Do you consider someones relationship with their familly when determining their potential as a mate?

Would you consider it a red flag if a person you were interested in told you that they are estranged from a parent? Dosen't that mean they will have difficulty in other intimate relationships?

I am not talking in cases where there was emotional or physical abuse.

Just curious. Thanks.
My personal experience with this tells me that a lot depends upon individual circumstance. There may well be excellent reasons for estrangement, and there are cases where the family member's active presence in the person's life could cause far more problems than an estrangement.

But difficult relationships have fallout...estrangement or no estrangement. Difficulty in other relationships is not an insignificant concern to have if there is evidence of dysfunctional relationships. However, I would argue that everyone has dysfunctional relationships in their lives, or in their past. How they interact despite this is the real key.
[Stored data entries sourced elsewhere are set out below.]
(* Let $G=(V,E)$ be a graph and $\mathbb{F}$ a field. Suppose there exist a proper coloring $c:V\to[m]$ of $G$ and vectors $u_1,\dots,u_m\in\mathbb{F}^t$ such that for every $v\in V$ the vectors $\{u_{c(v')}: v'\in\{v\}\cup N(v)\}$ (indexed by the colors appearing in the closed neighborhood of $v$) are linearly independent over $\mathbb{F}$. Then $\mathrm{minrk}_{\mathbb{F}}(\overline{G})\le t$.
   Context: $\overline{G}$ denotes the complement of $G$, and $N(v)$ the neighborhood of $v$. For a graph $H$ on vertex set $[n]$, a matrix $M\in\mathbb{F}^{n\times n}$ represents $H$ if $M_{i,i}\ne0$ for all $i$ and $M_{i,j}=0$ for all distinct non-adjacent $i,j$. The minrank $\mathrm{minrk}_{\mathbb{F}}(H)$ is the minimum rank over $\mathbb{F}$ of a matrix representing $H$. *)

theory Defs
  imports "Jordan_Normal_Form.DL_Rank"
begin

definition simple_graph :: "nat \<Rightarrow> (nat \<Rightarrow> nat \<Rightarrow> bool) \<Rightarrow> bool" where
  "simple_graph n E \<longleftrightarrow> (\<forall>i<n. \<forall>j<n. E i j \<longleftrightarrow> E j i) \<and> (\<forall>i<n. \<not> E i i)"

definition graph_compl :: "(nat \<Rightarrow> nat \<Rightarrow> bool) \<Rightarrow> nat \<Rightarrow> nat \<Rightarrow> bool" where
  "graph_compl E i j \<longleftrightarrow> i \<noteq> j \<and> \<not> E i j"

definition nbhd :: "nat \<Rightarrow> (nat \<Rightarrow> nat \<Rightarrow> bool) \<Rightarrow> nat \<Rightarrow> nat set" where
  "nbhd n E v = {w. w < n \<and> E v w}"

definition represents :: "nat \<Rightarrow> (nat \<Rightarrow> nat \<Rightarrow> bool) \<Rightarrow> 'f::field mat \<Rightarrow> bool" where
  "represents n H M \<longleftrightarrow> M \<in> carrier_mat n n \<and> (\<forall>i<n. M $$ (i,i) \<noteq> 0)
     \<and> (\<forall>i<n. \<forall>j<n. i \<noteq> j \<and> \<not> H i j \<longrightarrow> M $$ (i,j) = 0)"

definition minrk :: "'f::field itself \<Rightarrow> nat \<Rightarrow> (nat \<Rightarrow> nat \<Rightarrow> bool) \<Rightarrow> nat" where
  "minrk F n H = (LEAST r. \<exists>M::'f mat. represents n H M \<and> vec_space.rank n M = r)"

definition lin_indep_family :: "nat \<Rightarrow> (nat \<Rightarrow> 'f::field vec) \<Rightarrow> nat set \<Rightarrow> bool" where
  "lin_indep_family t u C \<longleftrightarrow>
     (\<forall>a::nat \<Rightarrow> 'f. (\<forall>k<t. (\<Sum>i\<in>C. a i * (u i $ k)) = 0) \<longrightarrow> (\<forall>i\<in>C. a i = 0))"

end

theory Submission
  imports Defs
begin

text \<open>For each vertex v, independence of the colour vectors on the closed neighbourhood
  of v yields a linear functional x_v taking the value 1 on u_c(v) and vanishing on the colour
  vectors of all neighbours, which differ from u_c(v) because the colouring is proper.
  The matrix M(v,w) = x_v(u_c(w)) then represents the complement of G, and it is the product
  of an n \<times> t and a t \<times> n matrix, so its rank is at most t.\<close>

definition pairing :: "nat \<Rightarrow> (nat \<Rightarrow> 'f::field) \<Rightarrow> 'f vec \<Rightarrow> 'f" where
  "pairing t x v = (\<Sum>k<t. x k * v $ k)"

lemma pairing_add_scale: "pairing t (\<lambda>s. x s + l * z s) v = pairing t x v + l * pairing t z v"
  unfolding pairing_def by (simp add: algebra_simps sum.distrib sum_distrib_left)

lemma lin_indep_family_subset:
  assumes "lin_indep_family t u D" "C \<subseteq> D" "finite D"
  shows "lin_indep_family t u C"
  unfolding lin_indep_family_def
proof (intro allI impI ballI)
  fix a i assume rel: "\<forall>k<t. (\<Sum>i\<in>C. a i * u i $ k) = 0" and "i \<in> C"
  define a' where "a' i = (if i \<in> C then a i else 0)" for i
  have "(\<Sum>i\<in>D. a' i * u i $ k) = (\<Sum>i\<in>C. a i * u i $ k)" for k
    using assms(2,3) by (intro sum.mono_neutral_cong_right) (auto simp: a'_def)
  then have "\<forall>i\<in>D. a' i = 0"
    using assms(1) rel unfolding lin_indep_family_def by metis
  then have "a' i = 0" using \<open>i \<in> C\<close> assms(2) by blast
  then show "a i = 0" using \<open>i \<in> C\<close> by (simp add: a'_def)
qed

lemma pairing_coordinate_residual:
  assumes "k < t"
  shows "pairing t (\<lambda>s. (if s = k then 1 else 0) - (\<Sum>i\<in>C. u i $ k * y i s)) v
           = v $ k - (\<Sum>i\<in>C. u i $ k * pairing t (y i) v)"
proof -
  have "(\<Sum>s<t. (if s = k then 1 else 0) * v $ s) = v $ k"
    using assms by (simp add: if_distrib[of "\<lambda>x. x * _"] cong: if_cong)
  moreover have "(\<Sum>s<t. (\<Sum>i\<in>C. u i $ k * y i s) * v $ s) = (\<Sum>i\<in>C. u i $ k * pairing t (y i) v)"
    unfolding pairing_def
    by (simp add: sum_distrib_left sum_distrib_right sum.swap[of _ C] algebra_simps)
  ultimately show ?thesis
    unfolding pairing_def by (simp add: algebra_simps sum_subtractf)
qed

text \<open>The functionals z_k = e_k - \<Sum>_i u_i(k) y_i vanish on the u_i, i \<in> C. If they all
  vanished on u_j too, then u_j = \<Sum>_i y_i(u_j) u_i, contradicting independence.\<close>

lemma separating_functional_exists:
  assumes "finite C" "j \<notin> C" "lin_indep_family t u (insert j C)"
    and dual: "\<And>i l. l \<in> C \<Longrightarrow> pairing t (y i) (u l) = (if l = i then 1 else 0)"
  shows "\<exists>z. (\<forall>l\<in>C. pairing t z (u l) = 0) \<and> pairing t z (u j) \<noteq> 0"
proof -
  define z where "z k = (\<lambda>s. (if s = k then 1 else 0) - (\<Sum>i\<in>C. u i $ k * y i s))" for k
  have z: "pairing t (z k) v = v $ k - (\<Sum>i\<in>C. u i $ k * pairing t (y i) v)" if "k < t" for k v
    unfolding z_def using pairing_coordinate_residual[OF that] .
  have z_C: "pairing t (z k) (u l) = 0" if "k < t" "l \<in> C" for k l
  proof -
    have "(\<Sum>i\<in>C. u i $ k * pairing t (y i) (u l)) = (\<Sum>i\<in>C. if i = l then u i $ k else 0)"
      by (rule sum.cong) (auto simp: dual that)
    then show ?thesis using z[OF that(1)] that(2) assms(1) by (simp add: sum.delta')
  qed
  have "\<exists>k<t. pairing t (z k) (u j) \<noteq> 0"
  proof (rule ccontr)
    assume z_j: "\<not> (\<exists>k<t. pairing t (z k) (u j) \<noteq> 0)"
    define a where "a i = (if i = j then -1 else pairing t (y i) (u j))" for i
    have "(\<Sum>i\<in>insert j C. a i * u i $ k) = 0" if "k < t" for k
    proof -
      have "(\<Sum>i\<in>C. a i * u i $ k) = (\<Sum>i\<in>C. u i $ k * pairing t (y i) (u j))"
        using assms(2) by (intro sum.cong) (auto simp: a_def)
      then show ?thesis
        using z[OF that, of "u j"] z_j that assms(1,2) by (simp add: a_def)
    qed
    then have "a j = 0" using assms(3) unfolding lin_indep_family_def by blast
    then show False by (simp add: a_def)
  qed
  then show ?thesis using z_C by blast
qed

lemma lin_indep_family_interpolation:
  assumes "finite C" "lin_indep_family t u C"
  shows "\<exists>x. \<forall>i\<in>C. pairing t x (u i) = b i"
  using assms
proof (induction C arbitrary: b rule: finite_induct)
  case empty
  then show ?case by simp
next
  case (insert j C)
  have indep: "lin_indep_family t u C"
    using lin_indep_family_subset insert by blast
  have "\<exists>y. \<forall>l\<in>C. pairing t y (u l) = (if l = i then 1 else 0)" for i
    using insert.IH[OF indep] .
  then obtain y where "\<And>i l. l \<in> C \<Longrightarrow> pairing t (y i) (u l) = (if l = i then 1 else 0)"
    by metis
  then obtain z where z: "\<forall>l\<in>C. pairing t z (u l) = 0" "pairing t z (u j) \<noteq> 0"
    using separating_functional_exists[OF insert.hyps(1,2) insert.prems] by blast
  obtain x0 where x0: "\<forall>l\<in>C. pairing t x0 (u l) = b l"
    using insert.IH[OF indep] by blast
  define l where "l = (b j - pairing t x0 (u j)) / pairing t z (u j)"
  have "\<forall>i\<in>insert j C. pairing t (\<lambda>s. x0 s + l * z s) (u i) = b i"
    using z x0 unfolding pairing_add_scale by (auto simp: l_def)
  then show ?case by blast
qed

lemma rank_mat_sum_products_le:
  fixes X :: "nat \<Rightarrow> nat \<Rightarrow> 'f::field" and Y :: "nat \<Rightarrow> nat \<Rightarrow> 'f"
  shows "vec_space.rank n (mat n n (\<lambda>(v,w). \<Sum>k<s. X v k * Y k w)) \<le> s"
proof (induction s)
  case 0
  have "mat n n (\<lambda>(v,w). \<Sum>k<0. X v k * Y k w) = (0\<^sub>m n n :: 'f mat)"
    by (rule eq_matI) auto
  then show ?case using vec_space.rank_0I[of n n] by (simp add: zero_mat_def)
next
  case (Suc s)
  let ?A = "mat n n (\<lambda>(v,w). \<Sum>k<s. X v k * Y k w)"
  let ?B = "mat n n (\<lambda>(v,w). X v s * Y s w)"
  have "mat n n (\<lambda>(v,w). \<Sum>k<Suc s. X v k * Y k w) = ?A + ?B"
    by (rule eq_matI) auto
  moreover have "vec_space.rank n (?A + ?B) \<le> vec_space.rank n ?A + vec_space.rank n ?B"
    by (rule vec_space.rank_subadditive) auto
  moreover have "vec_space.rank n ?B \<le> 1"
    by (rule vec_space.rank_le_1_product_entries[of _ n n "\<lambda>r. X r s" "\<lambda>c. Y s c"]) auto
  ultimately show ?case using Suc.IH by simp
qed

lemma minrk_le_rank:
  fixes M :: "'f::field mat"
  assumes "represents n H M"
  shows "minrk TYPE('f) n H \<le> vec_space.rank n M"
  unfolding minrk_def by (rule Least_le) (use assms in blast)

theorem mainTheorem9:
  fixes n m t :: nat and E :: "nat \<Rightarrow> nat \<Rightarrow> bool"
    and c :: "nat \<Rightarrow> nat" and u :: "nat \<Rightarrow> 'f::field vec"
  assumes "simple_graph n E"
    and "\<forall>v<n. c v < m"
    and "\<forall>v<n. \<forall>w<n. E v w \<longrightarrow> c v \<noteq> c w"
    and "\<forall>i<m. u i \<in> carrier_vec t"
    and "\<forall>v<n. lin_indep_family t u (c ` ({v} \<union> nbhd n E v))"
  shows "minrk TYPE('f) n (graph_compl E) \<le> t"
proof -
  have "\<forall>v. \<exists>x. v < n \<longrightarrow>
      (\<forall>i\<in>c ` ({v} \<union> nbhd n E v). pairing t x (u i) = (if i = c v then 1 else 0))"
  proof (intro allI)
    fix v
    let ?C = "c ` ({v} \<union> nbhd n E v)"
    have "finite ?C" by (simp add: nbhd_def)
    then have "v < n \<Longrightarrow> \<exists>x. \<forall>i\<in>?C. pairing t x (u i) = (if i = c v then 1 else 0)"
      using assms(5) by (intro lin_indep_family_interpolation) auto
    then show "\<exists>x. v < n \<longrightarrow> (\<forall>i\<in>?C. pairing t x (u i) = (if i = c v then 1 else 0))"
      by blast
  qed
  then obtain X where X: "\<And>v i. v < n \<Longrightarrow> i \<in> c ` ({v} \<union> nbhd n E v) \<Longrightarrow>
      pairing t (X v) (u i) = (if i = c v then 1 else 0)"
    by metis
  define M :: "'f mat" where "M = mat n n (\<lambda>(v,w). \<Sum>k<t. X v k * u (c w) $ k)"
  have "represents n (graph_compl E) M"
    unfolding represents_def
  proof (intro conjI allI impI)
    fix v w assume "v < n" "w < n" "v \<noteq> w \<and> \<not> graph_compl E v w"
    then have "E v w" "c v \<noteq> c w"
      using assms(3) unfolding graph_compl_def by auto
    then show "M $$ (v, w) = 0"
      using X[of v "c w"] \<open>v < n\<close> \<open>w < n\<close> by (simp add: M_def pairing_def nbhd_def)
  qed (use X in \<open>auto simp: M_def pairing_def\<close>)
  then have "minrk TYPE('f) n (graph_compl E) \<le> vec_space.rank n M"
    by (rule minrk_le_rank)
  also have "\<dots> \<le> t"
    unfolding M_def by (rule rank_mat_sum_products_le)
  finally show ?thesis .
qed

end
text \<open>Hodge star for the orthonormal basis {e_u : u in U}, oriented by the increasing order:
 *e^I = sign(I, U-I) e^{U-I}.\<close>
definition hodge :: "nat set \<Rightarrow> form \<Rightarrow> form" where
  "hodge U a = (\<lambda>J. if J \<subseteq> U then
      sgn_list (sorted_list_of_set (U - J) @ sorted_list_of_set J) * a (U - J) else 0)"

abbreviation hodge7 :: "form \<Rightarrow> form" where "hodge7 \<equiv> hodge {1..7}"
abbreviation hodge_g1 :: "form \<Rightarrow> form" where "hodge_g1 \<equiv> hodge {3..6}"

text \<open>theta(M) on Lambda g_1^*, M e_k = sum_l M_(l-3,k-3) e_l for k,l in {3..6}:
 theta(M) alpha(v_1,...,v_k) = - sum_a alpha(v_1,..,M v_a,..,v_k).\<close>
definition theta :: "real mat \<Rightarrow> form \<Rightarrow> form" where
  "theta M a = (\<lambda>K. if K \<subseteq> {3..6} then
     - (let ks = sorted_list_of_set K in
        \<Sum>i<length ks. \<Sum>l\<in>{3..6}. M $$ (l - 3, ks!i - 3) * evalf a (ks[i := l]))
     else 0)"

definition mtrace :: "real mat \<Rightarrow> real" where
  "mtrace M = (\<Sum>i<dim_row M. M $$ (i, i))"

definition phi :: form where
  "phi = ee [1,2,7] +\<^sub>f ee [3,4,7] +\<^sub>f ee [5,6,7] +\<^sub>f ee [1,3,5] -\<^sub>f ee [1,4,6]
         -\<^sub>f ee [2,3,6] -\<^sub>f ee [2,4,5]"

definition om7 :: form where "om7 = ee [3,4] +\<^sub>f ee [5,6]"
definition om1 :: form where "om1 = ee [3,5] -\<^sub>f ee [4,6]"
definition om2 :: form where "om2 = scal (-1) (ee [3,6]) -\<^sub>f ee [4,5]"

end

theory Submission
  imports Defs
begin

(*
  All identities are checked coefficientwise. A k-form on span{e_1,...,e_7} is determined by its
  coefficients on the increasing k-element index lists, so an identity between k-forms reduces to
  finitely many scalar identities; these are verified by evaluating wedge products, Hodge stars,
  theta and the Chevalley-Eilenberg differential on basis elements.

  Parts (i) and (ii) are computed directly; the hypotheses tr B = tr C = 0 remove the e^{13456} and
  e^{23456} components of d*phi. Part (iii) follows by linearity from *e^{34567} = e^{12} and
  *(gamma ^ e^{127}) = *_g1 gamma for 2-forms gamma on g_1. For (iv) let
  xi = theta(A) om7 - tr(A_1) om7 + theta(B) om1 + theta(C) om2. The forms om7, om1, om2 are
  self-dual and *_g1 (theta(M) gamma) = - theta(M^t) *_g1 gamma - tr(M) *_g1 gamma for 2-forms
  gamma on g_1, hence *_g1 xi = - beta. Finally d e^{12} = - tr(A_1) e^{127} and
  d gamma = theta(A) gamma ^ e^7 + theta(B) gamma ^ e^1 + theta(C) gamma ^ e^2 for 2-forms gamma
  on g_1.
*)

text \<open>Indices are kept as numerals, never as \<open>Suc 0\<close>, in the coefficient computations.\<close>
declare One_nat_def [simp del]

subsection \<open>Coefficients on increasing index lists\<close>

lemma form_ops_apply [simp]:
  "(a +\<^sub>f b) K = a K + b K" "(a -\<^sub>f b) K = a K - b K" "scal c a K = c * a K"
  by (simp_all add: fadd_def fsub_def scal_def)

lemma inv_count_Nil: "inv_count [] = 0"
  by (simp add: inv_count_def)

lemma inv_count_Cons: "inv_count (x # xs) = length (filter (\<lambda>y. y < x) xs) + inv_count xs"
proof -
  let ?S = "{(a, b). a < b \<and> b < length (x # xs) \<and> (x # xs) ! a > (x # xs) ! b}"
  let ?P = "(\<lambda>b. (0::nat, Suc b)) ` {b. b < length xs \<and> xs ! b < x}"
  let ?Q = "(\<lambda>(a, b). (Suc a, Suc b)) ` {(a, b). a < b \<and> b < length xs \<and> xs ! a > xs ! b}"
  have split: "?S = ?P \<union> ?Q"
  proof (intro equalityI subsetI)
    fix p assume "p \<in> ?S"
    then obtain a b' where p: "p = (a, Suc b')" and ab: "a < Suc b'" "b' < length xs"
        "(x # xs) ! a > xs ! b'"
      by (auto simp: less_Suc_eq_0_disj)
    show "p \<in> ?P \<union> ?Q"
    proof (cases a)
      case 0
      then have "b' \<in> {b. b < length xs \<and> xs ! b < x}" using ab by simp
      then show ?thesis using p 0 by blast
    next
      case (Suc a')
      then have "(a', b') \<in> {(a, b). a < b \<and> b < length xs \<and> xs ! a > xs ! b}" using ab by simp
      then have "(Suc a', Suc b') \<in> ?Q" by (rule image_eqI[rotated]) simp
      then show ?thesis using p Suc by blast
    qed
  next
    fix p assume "p \<in> ?P \<union> ?Q"
    then show "p \<in> ?S" by auto
  qed
  have "finite {(a, b). a < b \<and> b < length xs \<and> xs ! a > xs ! b}"
    by (rule finite_subset[of _ "{..<length xs} \<times> {..<length xs}"]) auto
  then have "card ?S = card ?P + card ?Q"
    unfolding split by (intro card_Un_disjoint) auto
  moreover have "card ?P = length (filter (\<lambda>y. y < x) xs)"
    by (subst card_image) (auto simp: inj_on_def length_filter_conv_card)
  moreover have "card ?Q = inv_count xs"
    unfolding inv_count_def by (subst card_image) (auto simp: inj_on_def)
  ultimately show ?thesis
    unfolding inv_count_def[of "x # xs"] by simp
qed
lemma radix_less_trans:
  assumes "radix_less (u::'c::linorder list) v" and "radix_less v w"
  shows "radix_less u w"
proof (cases "length u < length w")
  case True
  thus ?thesis unfolding radix_less_def by simp
next
  case False
  have lengths: "length u = length v" "length v = length w"
    using assms False unfolding radix_less_def by linarith+
  have "trans {(a::'c, b). a < b}" by (rule transI) simp
  moreover have "(u, v) \<in> lexord {(a, b). a < b}" "(v, w) \<in> lexord {(a, b). a < b}"
    using assms lengths unfolding radix_less_def by auto
  ultimately have "(u, w) \<in> lexord {(a, b). a < b}" using lexord_trans by blast
  thus ?thesis using lengths unfolding radix_less_def by simp
qed

lemma radix_less_linear: "(v::'c::linorder list) \<noteq> w \<Longrightarrow> radix_less v w \<or> radix_less w v"
proof -
  assume "v \<noteq> w"
  have "total {(a::'c, b). a < b}" by (auto simp: total_on_def)
  hence "total (lexord {(a::'c, b). a < b})" by (rule total_lexord)
  hence "(v, w) \<in> lexord {(a, b). a < b} \<or> (w, v) \<in> lexord {(a, b). a < b}"
    using \<open>v \<noteq> w\<close> unfolding total_on_def by blast
  thus ?thesis unfolding radix_less_def by linarith
qed

lemma finite_radix_less_below:
  assumes "finite C"
  shows "finite {v \<in> lists C. radix_less v w}"
proof (rule finite_subset)
  show "{v \<in> lists C. radix_less v w} \<subseteq> {v. set v \<subseteq> C \<and> length v \<le> length w}"
    unfolding radix_less_def by auto
  show "finite {v. set v \<subseteq> C \<and> length v \<le> length w}"
    using assms by (rule finite_lists_length_le)
qed
lemma border_class_dist_block_diag:
  assumes "0 < a" and "nondeg_sym (int a) c A" and "sym_mod (int a) m M"
  shows "border_class_dist a (c + m) (block_diag c A M) (c + m) = border_class_dist a m M m"
proof -
  obtain B where B: "mat_eq_mod (int a) c (mat_mult c A B) id_mat"
    using assms(2) unfolding nondeg_sym_def invertible_mod_def by blast
  define \<phi> where "\<phi> \<eta> = (\<Sum>t<c. \<eta> t * mat_vec c B \<eta> t)" for \<eta>
  \<comment> \<open>move the coordinates along \<open>A\<close> behind those along \<open>M\<close>\<close>
  define rot where "rot \<eta> i = (if i < m then \<eta> (c + i) else if i < c + m then \<eta> (i - m) else 0)"
    for \<eta> :: "nat \<Rightarrow> int" and i
  define unrot where "unrot \<eta> i = (if i < c then \<eta> (m + i) else if i < c + m then \<eta> (i - c) else 0)"
    for \<eta> :: "nat \<Rightarrow> int" and i
  define T where "T = (\<lambda>(z :: int, \<eta>). ((z - \<phi> \<eta>) mod int a, rot \<eta>))"
  have unrot_rot: "unrot (rot \<eta>) = \<eta>" if "\<forall>i\<ge>c + m. \<eta> i = 0" for \<eta>
    using that by (auto simp: fun_eq_iff rot_def unrot_def)
  have rot_unrot: "rot (unrot \<eta>) = \<eta>" if "\<forall>i\<ge>c + m. \<eta> i = 0" for \<eta>
    using that by (auto simp: fun_eq_iff rot_def unrot_def)
  have "bij_betw T (sample_space a (c + m)) (sample_space a (c + m))"
    by (rule bij_betw_byWitness[where f' = "\<lambda>(z, \<eta>). ((z + \<phi> (unrot \<eta>)) mod int a, unrot \<eta>)"])
       (use assms(1) in \<open>auto simp: T_def sample_space_def unrot_rot rot_unrot mod_add_left_eq mod_diff_left_eq,
         auto simp: rot_def unrot_def\<close>)
  then have "border_class_dist a (c + m) (block_diag c A M) (c + m) = border_class_dist a m M (c + m)"
    unfolding border_class_dist_def
  proof (rule map_pmf_of_set_reindex[OF finite_sample_space sample_space_nonempty[OF assms(1)]])
    fix x :: "int \<times> (nat \<Rightarrow> int)"
    obtain z \<eta> where x: "x = (z, \<eta>)"
      by (cases x)
    have "cok_class a (c + m + 1) (border (c + m) (block_diag c A M) \<eta> z)
        = cok_class a (m + 1) (border m M (rot \<eta>) ((z - \<phi> \<eta>) mod int a))"
      unfolding \<phi>_def by (rule cok_class_border_block_diag[OF assms(2,3) B]) (simp add: rot_def)
    then show "(\<lambda>(z, xi). cok_class a (m + 1) (border m M xi z)) (T x)
        = (\<lambda>(z, xi). cok_class a (c + m + 1) (border (c + m) (block_diag c A M) xi z)) x"
      unfolding x T_def by simp
  qed
  also have "\<dots> = border_class_dist a m M m"
    using assms(1) by (rule border_class_dist_sample_size) simp
  finally show ?thesis .
qed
My boyfriend was estranged from his father when I met him, and had been for some time. In our years together, I've seen him work on issues relating to this, which has included therapy (not at my suggestion, he came to it on his own), and has included confronting some issues head on with his father. I have seen him choose to address some issues and do some rebuilding, and I have seen him make all kinds of choices about boundary-setting and creating a more functional relationship with his dad that's healthier for all parties involved. Not always smooth sailing, but it speaks volumes to me about his emotional health.

Are there difficulties in our relationship that stem from difficulties that he's had with his dad? Of course. Are they insurmountable? Nope, not in our case.

Ultimately, everyone has things that can stand in the way of forming new relationships. Everyone has baggage. But not everyone carries it poorly.